Payload Fairing Installed for ICON Mission

On Oct. 4, 2018, technicians at Vandenberg Air Force Base in California, installed the payload fairing on the Northrop Grumman Pegasus XL rocket that will launch NASA’s Ionospheric Connection Explorer, or ICON, satellite.

ICON is being prepared for launch on a Pegasus XL rocket which will be carried aloft by Northrop Grumman’s L-1011 Stargazer aircraft. The Stargazer with the Pegasus XL attached is scheduled to fly from Vandenberg, where it was processed, to the Skid Strip at Cape Canaveral Air Force Station in Florida on Oct. 19, 2018.

Launch of the Pegasus XL rocket is scheduled for Oct. 26, 2018. The Stargazer jet will take off from the Skid Strip at the Cape. About 50 miles offshore of Daytona Beach, Florida, the Pegasus XL will be dropped with the engine igniting five seconds later boosting ICON to orbit.
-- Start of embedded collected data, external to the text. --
lemma block_weight_le_asymptotic:
  assumes "0 < \<gamma>" "\<And>m. N \<le> m \<Longrightarrow> \<gamma> * (real m + 1) \<le> real (\<sigma> (Suc m)) - real (\<sigma> m)"
  shows "real (block_weight n) \<le> (real n)^2 / (2 * \<gamma>) + (\<Sum>i=1..<N. real i * real (\<sigma> i))
           + sqrt (3 * real n) * real n + sqrt (3 * real n) ^ 3"
proof -
  let ?K = "\<Sum>i=1..<N. real i * real (\<sigma> i)"
  let ?M = "last_block n"
  have "0 \<le> ?K" by (intro sum_nonneg) auto
  show ?thesis
  proof (cases "?M = 0")
    case True
    then have "block_weight n = 0" using block_weight_le[of n ?M, OF last_block_ge] by simp
    then show ?thesis using \<open>0 \<le> ?K\<close> \<open>0 < \<gamma>\<close> by simp
  next
    case False
    then have M: "1 \<le> ?M" "\<sigma> ?M \<le> n" using last_block_start_le by auto
    have "real (block_weight n) \<le> real (\<Sum>m=1..?M. m * (\<sigma> m + m))"
      using block_weight_le[of n ?M, OF last_block_ge] by (simp only: of_nat_le_iff)
    also have "\<dots> = (\<Sum>m=1..<?M. real m * real (\<sigma> m)) + real ?M * real (\<sigma> ?M)
        + (\<Sum>m=1..?M. real m * real m)"
      using sum.last_plus[OF M(1), of "\<lambda>m. real m * real (\<sigma> m)"]
      by (simp add: sum.distrib distrib_left)
    also have "(\<Sum>m=1..<?M. real m * real (\<sigma> m)) \<le> (real n)^2 / (2 * \<gamma>) + ?K"
    proof -
      have "real (\<sigma> ?M)^2 / (2 * \<gamma>) \<le> (real n)^2 / (2 * \<gamma>)"
        using M(2) \<open>0 < \<gamma>\<close> by (intro divide_right_mono power_mono) auto
      then show ?thesis using block_start_weights_le[where N = N and M = ?M, OF assms] by linarith
    qed
    also have "real ?M * real (\<sigma> ?M) \<le> sqrt (3 * real n) * real n"
      using last_block_le_sqrt M(2) by (intro mult_mono) auto
    also have "(\<Sum>m=1..?M. real m * real m) \<le> real (card {1..?M}) * (real ?M * real ?M)"
      by (intro sum_bounded_above mult_mono) auto
    also have "\<dots> = real ?M ^ 3" by (simp add: power3_eq_cube)
    also have "\<dots> \<le> sqrt (3 * real n) ^ 3"
      using last_block_le_sqrt[of n] by (intro power_mono) auto
    finally show ?thesis by simp
  qed
qed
The Stargazer is a mobile launch platform and the only one of its kind in the world.

ICON will study the ionosphere, where terrestrial weather meets space weather. This dynamic zone high in Earth’s atmosphere can be a source of great beauty such as the aurora, but can also be disruptive to radio communications and satellites and astronaut health. ICON will help determine the physical processes at play in this “frontier of space,” thus paving the way for mitigating their effects on our technology, communications systems and society.